I was hunting for a second Steam Deck, because apparently I hate money and love handhelds. One for the sofa, one for travel: peak goblin-brain luxury. Except every retailer I checked was either “temporarily out of stock” or had quietly nudged prices up. Same story on RAM for my PC. Same with decent SSDs. And when you dig into why, you hit the same stupid wall: generative AI is hoovering up memory chips like there’s no tomorrow.
First it came for our art. Then it came for our writers, our concept artists, our QA testers. Now it’s coming for the literal plastic boxes we play games on. Enterprise AI servers need absurd amounts of high-bandwidth memory and storage; data centres are buying GPUs and NAND by the container ship.

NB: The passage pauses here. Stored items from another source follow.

text \<open>Antiderivatives of \<open>a \<mapsto> (c - a)\<^sup>g\<close> and \<open>a \<mapsto> (c + a)\<^sup>g\<close> for \<open>g > -1\<close>; the
  endpoint singularity is harmless because the primitive is continuous there.\<close>

lemma has_integral_powr_minus:
  fixes c p q g :: real
  assumes g: "g > -1" and pq: "p \<le> q" and qc: "q \<le> c"
  shows "((\<lambda>a. (c - a) powr g) has_integral ((c-p) powr (g+1) - (c-q) powr (g+1)) / (g+1)) {p..q}"
proof -
  define F where "F = (\<lambda>a. - ((c - a) powr (g+1)) / (g+1))"
  have "((\<lambda>a. (c - a) powr g) has_integral (F q - F p)) {p..q}"
  proof (rule fundamental_theorem_of_calculus_interior[OF pq])
    show "continuous_on {p..q} F" unfolding F_def
      using qc g by (intro continuous_intros continuous_on_powr') auto
    fix x assume "x \<in> {p<..<q}"
    then have "c - x > 0" using qc by auto
    then have D: "((\<lambda>a. (c - a) powr (g+1)) has_real_derivative (g+1) * (c - x) powr (g + 1 - of_nat 1) * (-1)) (at x)"
      by (intro DERIV_fun_powr) (auto intro!: derivative_eq_intros)
    have "(F has_real_derivative ((g+1) * (c - x) powr g / (g+1))) (at x)"
      using DERIV_cdivide[OF DERIV_minus[OF D], of "g+1"] by (simp add: F_def)
    then show "(F has_vector_derivative (c - x) powr g) (at x)"
      unfolding has_real_derivative_iff_has_vector_derivative[symmetric] using g by simp
  qed
  then show ?thesis by (simp add: F_def diff_divide_distrib)
qed

lemma has_integral_powr_plus:
  fixes c p q g :: real
  assumes g: "g > -1" and pq: "p \<le> q" and pc: "0 \<le> c + p"
  shows "((\<lambda>a. (c + a) powr g) has_integral ((c+q) powr (g+1) - (c+p) powr (g+1)) / (g+1)) {p..q}"
proof -
  define F where "F = (\<lambda>a. (c + a) powr (g+1) / (g+1))"
  have "((\<lambda>a. (c + a) powr g) has_integral (F q - F p)) {p..q}"
  proof (rule fundamental_theorem_of_calculus_interior[OF pq])
    show "continuous_on {p..q} F" unfolding F_def
      using pc g by (intro continuous_intros continuous_on_powr') auto
    fix x assume "x \<in> {p<..<q}"
    then have "c + x > 0" using pc by auto
    then have D: "((\<lambda>a. (c + a) powr (g+1)) has_real_derivative (g+1) * (c + x) powr (g + 1 - of_nat 1) * 1) (at x)"
      by (intro DERIV_fun_powr) (auto intro!: derivative_eq_intros)
    have "(F has_real_derivative ((g+1) * (c + x) powr g / (g+1))) (at x)"
      using DERIV_cdivide[OF D, of "g+1"] by (simp add: F_def)
    then show "(F has_vector_derivative (c + x) powr g) (at x)"
      unfolding has_real_derivative_iff_has_vector_derivative[symmetric] using g by simp
  qed
  then show ?thesis by (simp add: F_def diff_divide_distrib)
qed

text \<open>Mean value bound for the concave power \<open>x \<mapsto> x\<^sup>b\<close>, \<open>0 < b < 1\<close>.\<close>

lemma powr_increment_le:
  fixes x y b :: real
  assumes "0 < x" "x \<le> y" "0 < b" "b < 1"
  shows "y powr b - x powr b \<le> (y - x) * y powr (b - 1)"
proof -
  have "x * y powr (b - 1) \<le> x * x powr (b - 1)"
    using assms by (intro mult_left_mono powr_mono2') auto
  also have "\<dots> = x powr b" using assms by (simp add: powr_mult_base)
  finally have "x * y powr (b - 1) \<le> x powr b" .
  moreover have "y powr b = y * y powr (b - 1)" using assms by (simp add: powr_mult_base)
  ultimately show ?thesis by (simp add: algebra_simps)
qed

text \<open>Integrability and monotonicity of the integral on \<open>[p,q]\<close> only need hypotheses
  on the open interval; this is how the singular endpoints of the kernels are handled.\<close>

lemma integrable_on_dominated:
  fixes f g :: "real \<Rightarrow> real"
  assumes "f \<in> borel_measurable borel" "g integrable_on {p..q}"
    "\<And>x. x \<in> {p<..<q} \<Longrightarrow> \<bar>f x\<bar> \<le> g x"
  shows "f integrable_on {p..q}"
proof -
  have "f \<in> borel_measurable (lebesgue_on {p<..<q})"
    by (rule measurable_restrict_space1, rule measurable_completion) (use assms(1) in simp)
  then have "f integrable_on {p<..<q}"
    by (rule measurable_bounded_by_integrable_imp_integrable_real[where g=g])
       (use assms in \<open>auto simp: integrable_on_open_interval_real\<close>)
  then show ?thesis by (simp add: integrable_on_open_interval_real)
qed

lemma integral_mono_interior:
  fixes f g :: "real \<Rightarrow> real"
  assumes "f integrable_on {p..q}" "g integrable_on {p..q}"
    "\<And>x. x \<in> {p<..<q} \<Longrightarrow> f x \<le> g x"
  shows "integral {p..q} f \<le> integral {p..q} g"
proof -
  have "integral {p<..<q} f \<le> integral {p<..<q} g"
    by (rule integral_le) (use assms in \<open>auto simp: integrable_on_open_interval_real\<close>)
  then show ?thesis by (simp add: integral_open_interval_real)
qed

Meanwhile, regular players are sat here refreshing storefronts to see if a Steam Deck, or a reasonably priced SSD, has magically appeared.
And hanging over all of this are rumours that PS6 might be delayed because of this memory crunch, with component manufacturers openly warning that AI demand could keep RAM and SSD supplies tight, and prices high, well into the 2030s. Ten years of component pressure, because your boss wants a chatbot that can write worse emails than he already does.
Here’s the twist: once I stopped being angry long enough to think about it, I realised something I didn’t expect. If this component arms race means we don’t get PS6 or “Xbox Whatever Dumb Name” until later, I’m not sure that’s actually a bad thing. In fact, if the choice is “overpriced next-gen hardware built on AI-driven scarcity” or “milk PS5 and Series X for all they’re worth for a few more years”, I know where I’m landing.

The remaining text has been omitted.